ON MENTAL ILLNESS: The value of an accurate self-assessment

Jack Bragen
Friday May 26, 2017 - 11:38:00 AM

A clear self-evaluation helps with numerous things in life. It can lead to turning down a job offer, in instances where we realize a particular job would get us in over our heads. It is one thing to be able to obtain a good job by performing well in the interview process and by presenting well. It is another thing to be able to perform at such a job.  

We see that President Trump took on more responsibility than he can reasonably handle. This experience is to everyone's detriment. We would have been better off if Trump had had the insight to realize he isn't fit for the Presidency. But, the responsibility for this falls on the American public, and the public has flunked on this one.  

In accepting a position that is over one's head, one invites a possible fiasco. It is not considerate to ruin other people's business enterprises. It is easy to dismiss this by assuming that businesspeople are just a bunch of greedy, self-serving jerks. However, people in business are people. They have feelings. 

A clear and honest self-assessment is useful because it can prevent trying to do things that in reality are too demanding for us to handle. But also, such a self-assessment should include one's special talents. If we are talented in certain areas, we could pursue those areas.  

While I have limited ability to tolerate some styles of supervision, and while I am sensitive to environments, I have abilities in electronics and writing. Before I decided to put my hat in the ring in writing for publication, I was self-employed in repair of home electronics.  

The self-employment in electronics never really took off. I wasn't prepared to handle a workload that would have made my company profitable. An accurate self-assessment would have helped. And, it would have helped to know what was needed in order to be successful in a repair company.  

When thinking about undertaking a job, business, or other, we first need an accurate self-assessment, and then we need an assessment of what is needed--then compare the two.  

In social situations, a self-assessment is useful. I am married to another mental health consumer. She is perfect for me because she has an understanding of my limitations, and because she is very supportive on an emotional level. These are things I need. Going after someone else would be a grave mistake, because I would be throwing away something very good.  

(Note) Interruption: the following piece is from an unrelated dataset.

(* Let $H_0$ be an admissible Hamiltonian with vector field $f$, let $g=J\nabla K_0$ be associated to $f$ via $B$ (so $\nabla K_0=B\nabla H_0$), and let $\widetilde H_0(x,\varepsilon)=x^T\mathcal H\big(I-\varepsilon^2(J(x)\mathcal H)^2\big)^{-1}x$ and $\widetilde K_0(x,\varepsilon)=x^T\mathcal K\big(I-\varepsilon^2(J(x)\mathcal K)^2\big)^{-1}x$, where $\mathcal H=\nabla^2H_0$, $\mathcal K=\nabla^2K_0=B\mathcal H$. Then $$\nabla_x\widetilde K_0(x,\varepsilon)=B\,\nabla_x\widetilde H_0(x,\varepsilon),$$ and consequently $A\,\nabla_x^2\widetilde H_0(x,\varepsilon)=\nabla_x^2\widetilde H_0(x,\varepsilon)\,A^T$ and $A\,\nabla_x^2\widetilde K_0(x,\varepsilon)=\nabla_x^2\widetilde K_0(x,\varepsilon)\,A^T$ wherever defined.
   Context: Fix an integer $n\ge 2$. Points of $\mathbb R^{2n}$ are $x=(x_1,\dots,x_{2n})^{T}$; write $u=(x_1,\dots,x_n)^T$. Let $X(u)$ be the $n\times n$ matrix with entries $X(u)_{ij}=x_{k}$ where $k\in\{1,\dots,n\}$, $k\equiv i+j-1 \pmod n$, and let $J(x)=\begin{pmatrix}0&X(u)\\-X(u)&0\end{pmatrix}$ (a skew-symmetric $2n\times 2n$ matrix depending linearly on $x$). Let $\mathcal P$ be the $n\times n$ cyclic shift matrix ($\mathcal P_{i,i+1}=1$ for $1\le i\le n-1$, $\mathcal P_{n,1}=1$, all other entries $0$) and $A=\begin{pmatrix}\mathcal P&0\\0&\mathcal P\end{pmatrix}$. An admissible Hamiltonian is a homogeneous quadratic form $H(x)=\tfrac12 x^T\mathcal H x$ with a constant symmetric matrix $\mathcal H=\nabla^2H$ satisfying $A\mathcal H=\mathcal H A^T$; its Hamiltonian vector field is $f(x)=J(x)\nabla H(x)$. Associated vector fields: let $B=\sum_{i=0}^{n-1}\alpha_iA^i$ with $\alpha_i\in\mathbb C$ and $B^2=I$. If $H$ is an admissible Hamiltonian with vector field $f$, put $K(x)=\tfrac12 x^T B\mathcal H x$ (so $\nabla K=B\nabla H$) and $g(x)=J(x)\nabla K(x)=B^Tf(x)$; $g$ is said to be associated to $f$ via $B$. (When $B$ is complex, everything is considered over $\mathbb C^{2n}$.) The functions $\widetilde H_0,\widetilde K_0$ in the claim coincide with the conserved quantities $(2\varepsilon)^{-1}x^TJ(\frac{x+\tilde x}{2})^{-1}\tilde x$, $\tilde x=\Phi_f(x,\varepsilon)$ (resp. with $g$) of the Kahan maps $\Phi_f(x,\varepsilon)=(I-\varepsilon f'(x))^{-1}x$, $\Phi_g$. *)

theory Defs
  imports "Jordan_Normal_Form.Gauss_Jordan_Elimination" "Jordan_Normal_Form.Determinant"
begin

Sure, I could get someone else to go out with me on a date. But could I afford such a date, could I pay child support for eighteen years? Other than that, I deeply care for my wife, could not lie to her, and, on an emotional level, could not make it on my own. For those reasons and more, my self-assessment leads to not cheating on my wife.  

An honest self-assessment led to my writing career. I decided I ought to try writing. I gave myself credit for having a good intellect, a good ability to focus, and the ability to supervise myself in a disciplined manner. This is paying off after about seventeen years of work.  

A definition of insanity: to continue trying the same thing, and expect different results. I had tried conventional employment numerous times, and, most of the time, this did not work. Ruling out what wasn't working led me to switch to writing instead of getting jobs and failing at them.  

People cannot be measured on a linear scale.  

You do not have to follow the assessments of treatment professionals in all cases. A worker at State of California Department of Vocational Rehabilitation, (which was where I went to get help pursuing my electronics career) would never have credited me with having the ability to become an author.  

A psychiatrist believed I should give up my delusions about writing and suggested I enter a day program to deal with this illusion. I tried that.  

At this day program, a man in his seventies began to be physically assaultative toward me. Taking the man up on his willingness to fight would have been a grave mistake. I asked for help from staff and staff did nothing. I went home and got on the computer to do some more writing.  

(Later on, I found out that the old man who wanted to pick a fight suffered from some kind of stroke or seizures that led to his aggression.)  

My self-assessment that I could be a writer flew in the face of what I'd been told by mental health professionals--that I am unable to do something big, and that I am subject to delusions of grandeur. If you don't believe in yourself, you are never going to try anything.